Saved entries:

(* There is a partial order $(P,\leq_P)$, with first, second and third levels $P_1,P_2,P_3$, such that: (1) $P$ is locally countable, has size continuum and has height three; (2) $P_1$ has size continuum; (3) every countable subset of $P_1$ has an upper bound in $P_2$; (4) for every finite subset $Q$ of $P_1\cup P_2$ and every $q\in P_2$ not equal to any element of $Q$, there is an element of $P_3$ which is above every element of $Q$ but not above $q$.
   Context: A partial order is locally countable if every element has at most countably many strict predecessors; it has height $n$ if its longest chain has length exactly $n$. For a partial order of height three, the first level consists of elements with no strict predecessors, the second level of elements not in the first level whose strict predecessors all lie in the first level, and the third level of the remaining elements (those not in the first two levels, all of whose strict predecessors lie in the first two levels). *)

theory Defs
  imports Complex_Main "HOL-Library.Countable_Set" "HOL-Library.Equipollence"
begin

definition strict_preds :: "'a set \<Rightarrow> 'a rel \<Rightarrow> 'a \<Rightarrow> 'a set" where
  "strict_preds P r x = {y \<in> P. (y, x) \<in> r \<and> y \<noteq> x}"

definition locally_countable :: "'a set \<Rightarrow> 'a rel \<Rightarrow> bool" where
  "locally_countable P r \<longleftrightarrow> (\<forall>x\<in>P. countable (strict_preds P r x))"

definition is_chain :: "'a set \<Rightarrow> 'a rel \<Rightarrow> 'a set \<Rightarrow> bool" where
  "is_chain P r C \<longleftrightarrow> C \<subseteq> P \<and> (\<forall>x\<in>C. \<forall>y\<in>C. (x, y) \<in> r \<or> (y, x) \<in> r)"

definition has_height :: "'a set \<Rightarrow> 'a rel \<Rightarrow> nat \<Rightarrow> bool" where
  "has_height P r n \<longleftrightarrow>
     (\<exists>C. is_chain P r C \<and> finite C \<and> card C = n) \<and>
     (\<forall>C. is_chain P r C \<longrightarrow> finite C \<and> card C \<le> n)"

definition level1 :: "'a set \<Rightarrow> 'a rel \<Rightarrow> 'a set" where
  "level1 P r = {x \<in> P. strict_preds P r x = {}}"

definition level2 :: "'a set \<Rightarrow> 'a rel \<Rightarrow> 'a set" where
  "level2 P r = {x \<in> P - level1 P r. strict_preds P r x \<subseteq> level1 P r}"

definition level3 :: "'a set \<Rightarrow> 'a rel \<Rightarrow> 'a set" where
  "level3 P r = {x \<in> P - (level1 P r \<union> level2 P r).
                   strict_preds P r x \<subseteq> level1 P r \<union> level2 P r}"

end

theory Submission
  imports Defs "HOL-Analysis.Abstract_Topology_2"
begin

text \<open>Let level one consist of the subsets of the natural numbers, level two of all
  sequences of such points, a sequence lying above exactly the points it enumerates, and level
  three of all nonempty finite lists of sequences, a list lying above its sequences and their
  points. Every countable set of points is enumerated by one sequence. A finite set \<open>Q\<close> of
  points and sequences lies below the list made of the sequences in \<open>Q\<close> plus one sequence
  enumerating the points in \<open>Q\<close> that is chosen different from a given sequence \<open>q \<notin> Q\<close>; then
  \<open>q\<close> is not below this list. All predecessor sets are countable, the rank of an element is its
  level, and since there are only continuum many elements the order can be copied onto a set
  of reals along an injection.\<close>

lemma levels_of_rank:
  fixes rank :: "'a \<Rightarrow> nat"
  assumes rank_less: "\<And>x y. x \<in> P \<Longrightarrow> y \<in> strict_preds P r x \<Longrightarrow> rank y < rank x"
    and rank_pred: "\<And>x. x \<in> P \<Longrightarrow> 0 < rank x \<Longrightarrow> \<exists>y\<in>strict_preds P r x. Suc (rank y) = rank x"
  shows "level1 P r = {x\<in>P. rank x = 0}" (is ?L1)
    and "level2 P r = {x\<in>P. rank x = 1}" (is ?L2)
    and "level3 P r = {x\<in>P. rank x = 2}"
proof -
  have preds_in: "strict_preds P r x \<subseteq> P" for x
    by (auto simp: strict_preds_def)
  show L1: ?L1
    using rank_less rank_pred by (fastforce simp: level1_def)
  show L2: ?L2
    unfolding level2_def L1 using rank_less rank_pred preds_in by fastforce
  show "level3 P r = {x\<in>P. rank x = 2}"
    unfolding level3_def L1 L2 using rank_less rank_pred preds_in by fastforce
qed

lemma chain_finite_card_le_rank_bound:
  fixes rank :: "'a \<Rightarrow> nat"
  assumes chain: "is_chain P r C"
    and rank_less: "\<And>x y. x \<in> P \<Longrightarrow> y \<in> strict_preds P r x \<Longrightarrow> rank y < rank x"
    and rank_bound: "\<And>x. x \<in> P \<Longrightarrow> rank x < n"
  shows "finite C \<and> card C \<le> n"
proof -
  have "inj_on rank C"
  proof (rule inj_onI)
    fix x y assume xy: "x \<in> C" "y \<in> C" "rank x = rank y"
    show "x = y"
    proof (rule ccontr)
      assume "x \<noteq> y"
      with chain xy have "x \<in> strict_preds P r y \<or> y \<in> strict_preds P r x"
        by (auto simp: is_chain_def strict_preds_def)
      with chain xy rank_less show False
        by (fastforce simp: is_chain_def)
    qed
  qed
  moreover have "rank ` C \<subseteq> {..<n}"
    using chain rank_bound by (auto simp: is_chain_def)
  ultimately have "C \<lesssim> {..<n}"
    unfolding lepoll_def by blast
  then show ?thesis
    by (simp add: lepoll_iff_finite_card)
qed

lemma superset_eqpoll_UNIV:
  fixes X Y :: "'a set"
  assumes "X \<approx> (UNIV :: 'a set)" and "X \<subseteq> Y"
  shows "Y \<approx> (UNIV :: 'a set)"
proof (rule lepoll_antisym)
  show "Y \<lesssim> (UNIV :: 'a set)"
    by (rule subset_imp_lepoll) simp
  show "(UNIV :: 'a set) \<lesssim> Y"
    using assms by (meson eqpoll_sym lepoll_trans1 subset_imp_lepoll)
qed

lemma pair_in_map_prod_image_iff [simp]:
  "inj f \<Longrightarrow> (f a, f b) \<in> map_prod f f ` r \<longleftrightarrow> (a, b) \<in> r"
  using inj_image_mem_iff[OF prod.inj_map, of f f "(a, b)" r] by simp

## About this task
Task for the records above: copy every line in which the word "imports" occurs.

## Answer below
  imports Complex_Main "HOL-Library.Countable_Set" "HOL-Library.Equipollence"
  imports Defs "HOL-Analysis.Abstract_Topology_2"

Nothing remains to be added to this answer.